Włoskie firmy blokują polskie inwestycje drogowe. Żądają dopłaty od państwa

Ocena: 0
3820

Dziewięć dużych inwestycji drogowych może być zagrożonych przez finansowe problemy włoskich wykonawców. Dwie włoskie firmy działające na polskim rynku zażądały od rządu dopłaty do wykonywanych kontraktów - o wysokości ponad miliarda złotych. Generalna Dyrekcja Dróg Krajowych i Autostrad odmawia dołożenia jakiejkolwiek kwoty do inwestycji. Problemem włoskich firm jest to, że kontrakty zostały zawarte trzy lata temu, przed ponad 30%-owym wzrostem cen materiałów.

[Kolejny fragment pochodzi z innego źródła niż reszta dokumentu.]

(* Let $p\geq 3$ and $q\geq 6$ be integers and let $C_{p,q}$ be a double chain consisting of $p$ points of $A$ and $q$ points of $B$, in general position. Then $\mu(D(C_{p,q}))=\binom{p+q}{2}-4$.
   Context: Let $A$ be the arc of a circle that goes from $(-5,2)$ to $(5,2)$ and passes through $(0,3/2)$, and let $B$ be the reflection of $A$ in the $x$-axis; then every point of $A$ (resp. $B$) lies above (resp. below) every line spanned by two points of $B$ (resp. $A$). For integers $p,q\geq 1$, a double chain $C_{p,q}$ is a set of $p+q$ points obtained by choosing $p$ points of $A$ and $q$ points of $B$. A set of points is in general position if no three are collinear. The disjointness graph of segments $D(P)$ is the graph whose vertices are all closed straight-line segments with both endpoints in $P$, two being adjacent if and only if they are disjoint. For a graph $G$ and $U\subseteq V(G)$, two distinct vertices $x,y\in U$ are $U$-mutually visible if $G$ contains a shortest $x$-$y$ path none of whose internal vertices lies in $U$; $U$ is a mutual-visibility set if every two distinct vertices of $U$ are $U$-mutually visible. $\mu(G)$ is the maximum size of a mutual-visibility set of $G$. *)

theory Defs
  imports "HOL-Analysis.Analysis"
begin

text \<open>The circle through (-5,2), (5,2), (0,3/2) has centre (0,107/4) and radius 101/4.
  The arc A from (-5,2) to (5,2) through (0,3/2) is its lower part with -5 <= x <= 5.\<close>

definition arcA :: "(real \<times> real) set" where
  "arcA = {(x, y). x\<^sup>2 + (y - 107/4)\<^sup>2 = (101/4)\<^sup>2 \<and> -5 \<le> x \<and> x \<le> 5 \<and> y \<le> 2}"

definition arcB :: "(real \<times> real) set" where
  "arcB = (\<lambda>(x, y). (x, - y)) ` arcA"

definition general_position :: "(real \<times> real) set \<Rightarrow> bool" where
  "general_position P \<longleftrightarrow> (\<forall>S \<subseteq> P. card S = 3 \<longrightarrow> \<not> collinear S)"

definition double_chain :: "(real \<times> real) set \<Rightarrow> nat \<Rightarrow> nat \<Rightarrow> bool" where
  "double_chain P p q \<longleftrightarrow> finite P \<and> P \<subseteq> arcA \<union> arcB \<and>
      card (P \<inter> arcA) = p \<and> card (P \<inter> arcB) = q"
lemma strictly_dominates_density_single_crossing:
  fixes P Q :: "real \<Rightarrow> real" and H l r :: real
  assumes P: "integrable lborel P" "\<And>y. 0 \<le> P y"
    and Q: "integrable lborel Q" "\<And>y. 0 \<le> Q y"
    and same_mass: "integral\<^sup>L lborel P = integral\<^sup>L lborel Q"
    and "0 < H"
    and crossing: "\<And>y z. Q y < P y \<Longrightarrow> y \<le> z \<Longrightarrow> Q z = 0"
    and "l < r" and Q_gt_P: "\<And>y. l < y \<Longrightarrow> y < r \<Longrightarrow> P y < Q y"
  shows "strictly_dominates (density lborel (\<lambda>y. ennreal (P y / H)))
                            (density lborel (\<lambda>y. ennreal (Q y / H)))"
proof -
  have set_int: "set_integrable lborel {..t} P" "set_integrable lborel {..t} Q" for t
    unfolding set_integrable_def
    using integrable_mult_indicator[OF _ P(1), of "{..t}"] integrable_mult_indicator[OF _ Q(1), of "{..t}"]
    by simp_all
  have cdf: "cdf (density lborel (\<lambda>y. ennreal (g y / H))) t = (\<integral>y\<in>{..t}. g y \<partial>lborel) / H"
    if "integrable lborel g" "\<And>y. 0 \<le> g y" for g t
    using that \<open>0 < H\<close> by (subst cdf_density_eq_set_integral) auto
  have le: "(\<integral>y\<in>{..t}. P y \<partial>lborel) \<le> (\<integral>y\<in>{..t}. Q y \<partial>lborel)" for t
  proof (cases "\<exists>y\<le>t. Q y < P y")
    case True
    then have Q_vanishes: "Q z = 0" if "t < z" for z
      using crossing that by force
    have "(\<integral>y\<in>{..t}. P y \<partial>lborel) \<le> integral\<^sup>L lborel P"
      unfolding set_lebesgue_integral_def using P set_int(1)[unfolded set_integrable_def]
      by (intro integral_mono) (auto split: split_indicator)
    also have "\<dots> = integral\<^sup>L lborel Q"
      by (rule same_mass)
    also have "\<dots> = (\<integral>y\<in>{..t}. Q y \<partial>lborel)"
      unfolding set_lebesgue_integral_def
      by (intro Bochner_Integration.integral_cong) (auto simp: Q_vanishes split: split_indicator)
    finally show ?thesis .
  next
    case False
    then show ?thesis
      by (intro set_integral_mono set_int) (auto simp: not_less)
  qed
  define m where "m = (l + r) / 2"
  have "l < m" "m < r"
    using \<open>l < r\<close> by (simp_all add: m_def)
  have P_le_Q: "P y \<le> Q y" if "y \<le> m" for y
  proof (rule ccontr)
    assume "\<not> P y \<le> Q y"
    with that have "Q m = 0"
      by (intro crossing) auto
    with Q_gt_P[OF \<open>l < m\<close> \<open>m < r\<close>] P(2)[of m] show False
      by simp
  qed
  have "0 < (LINT y|lborel. indicator {..m} y * (Q y - P y))"
  proof (rule integral_pos_of_pos_on_interval[OF _ _ \<open>l < m\<close>])
    show "integrable lborel (\<lambda>y. indicator {..m} y * (Q y - P y))"
      using set_int[of m] unfolding set_integrable_def
      by (simp add: right_diff_distrib)
    show "0 \<le> indicator {..m} y * (Q y - P y)" for y
      using P_le_Q[of y] by (simp split: split_indicator)
    show "0 < indicator {..m} y * (Q y - P y)" if "l < y" "y < m" for y
      using Q_gt_P[of y] that \<open>m < r\<close> by simp
  qed
  then have lt: "(\<integral>y\<in>{..m}. P y \<partial>lborel) < (\<integral>y\<in>{..m}. Q y \<partial>lborel)"
    using set_integral_diff(2)[OF set_int(2) set_int(1), of m]
    by (simp add: set_lebesgue_integral_def)
  show ?thesis
    unfolding strictly_dominates_def cdf[OF P] cdf[OF Q]
    using le lt \<open>0 < H\<close> by (auto intro: divide_right_mono intro!: exI[of _ m])
qed

definition upper_tail_moment :: "(real \<Rightarrow> real) \<Rightarrow> real \<Rightarrow> real \<Rightarrow> real" where
  "upper_tail_moment f a \<nu> = (\<integral>x. f x * ppos (x - \<nu>) a \<partial>lborel)"

definition lower_tail_moment :: "(real \<Rightarrow> real) \<Rightarrow> real \<Rightarrow> real \<Rightarrow> real" where
  "lower_tail_moment f a \<nu> = (\<integral>x. f x * ppos (\<nu> - x) a \<partial>lborel)"

locale finite_moment_density =
  fixes f :: "real \<Rightarrow> real" and a :: real
  assumes f_nonneg: "\<And>x. 0 \<le> f x"
    and f_measurable [measurable]: "f \<in> borel_measurable borel"
    and f_integrable: "integrable lborel f"
    and moment_integrable: "integrable lborel (\<lambda>x. f x * rpow \<bar>x\<bar> a)"
    and exponent_nonneg: "0 \<le> a"
begin

lemma integrable_moment_majorant:
  "integrable lborel (\<lambda>x. f x * (2 powr a * (rpow \<bar>x\<bar> a + rpow K a)))"
proof -
  have "integrable lborel (\<lambda>x. 2 powr a * (f x * rpow \<bar>x\<bar> a) + (2 powr a * rpow K a) * f x)"
    using moment_integrable f_integrable by auto
  then show ?thesis
    by (simp add: algebra_simps)
qed

context
  fixes k :: "real \<Rightarrow> real"
  assumes k_measurable [measurable]: "k \<in> borel_measurable borel"
    and k_nonneg: "\<And>z. 0 \<le> k z"
    and k_le: "\<And>z. k z \<le> rpow \<bar>z\<bar> a"
begin

lemma shifted_kernel_le_majorant:
  assumes "\<bar>\<nu>\<bar> \<le> K"
  shows "norm (f x * k (x - \<nu>)) \<le> f x * (2 powr a * (rpow \<bar>x\<bar> a + rpow K a))"
proof -
  have "k (x - \<nu>) \<le> 2 powr a * (rpow \<bar>x\<bar> a + rpow \<bar>\<nu>\<bar> a)"
    using k_le rpow_abs_diff_le[OF exponent_nonneg] by (rule order_trans)
  also have "\<dots> \<le> 2 powr a * (rpow \<bar>x\<bar> a + rpow K a)"
    using assms exponent_nonneg by (intro mult_left_mono add_left_mono rpow_mono) auto
  finally show ?thesis
    using f_nonneg[of x] k_nonneg[of "x - \<nu>"] by (simp add: abs_mult mult_left_mono)
qed

lemma integrable_shifted_kernel: "integrable lborel (\<lambda>x. f x * k (x - \<nu>))"
proof (rule Bochner_Integration.integrable_bound[OF integrable_moment_majorant[of "\<bar>\<nu>\<bar>"]])
  have "0 \<le> f x * (2 powr a * (rpow \<bar>x\<bar> a + rpow \<bar>\<nu>\<bar> a))" for x
    by (simp add: f_nonneg rpow_nonneg)
  then show "AE x in lborel. norm (f x * k (x - \<nu>))
      \<le> norm (f x * (2 powr a * (rpow \<bar>x\<bar> a + rpow \<bar>\<nu>\<bar> a)))"
    using shifted_kernel_le_majorant[OF order_refl] by (auto intro!: AE_I2)
qed simp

Generalna Dyrekcja odmawia branżom kolejowej i drogowej możliwości waloryzowania takich umów. Proponuje firmom dochodzenie swojej racji na drodze sądowej. Taka sytuacja najpewniej sprawi, że pracownicy włoskich wykonawców zejdą z placów budowy, gdyż firmy nie otrzymają oczekiwanego wsparcia finansowego. Opóźni to budowę kluczowych inwestycji - jak nowa wylotówka z Krakowa drogą S7 lub Autostrada A1.

"Jeśli rząd mówi "nie damy żadnym firmom", to nie może dać tylko i wyłącznie włoskim. To otworzyłoby koszyk z żądaniami, które na drogach szacuje się na przynajmniej 10 miliardów złotych" - powiedział serwisowi eNewsroom Adrian Furgalski, wiceprezes Zespołu Doradców Gospodarczych TOR.

"Spełnienie żądań wysuwanych przez włoskie firmy nie rozwiązałoby więc problemu. Włosi nie są w tej sytuacji bez winy. Ich oferty w polskich przetargach miały rażąco niskie ceny. W taki sposób firmy chciały zaistnieć na polskim rynku. Zabrakło im jednak zaplecza, sprzętu i doświadczenia, by doprowadzić zawarte kontrakty do końca. Widać to szczególnie w inwestycjach, które są podzielone na odcinki realizacyjne. Podczas gdy inni wykonawcy zdołali ukończyć budowę swoich odcinków w około 90 procentach, włoskie firmy mogą pochwalić się tylko połowicznie zrealizowaną umową. Podobno jednym z powodów jest pogoda. Ciężko jest mi wyobrazić sobie sytuację, że pada tylko nad odcinkiem włoskim, a nad pozostałymi świeci słońce i firmy mogą pracować. Jeśli włoscy wykonawcy nie wycofają się ze swoich umów, powinna je zerwać Generalna Dyrekcja" - zauważa Furgalski.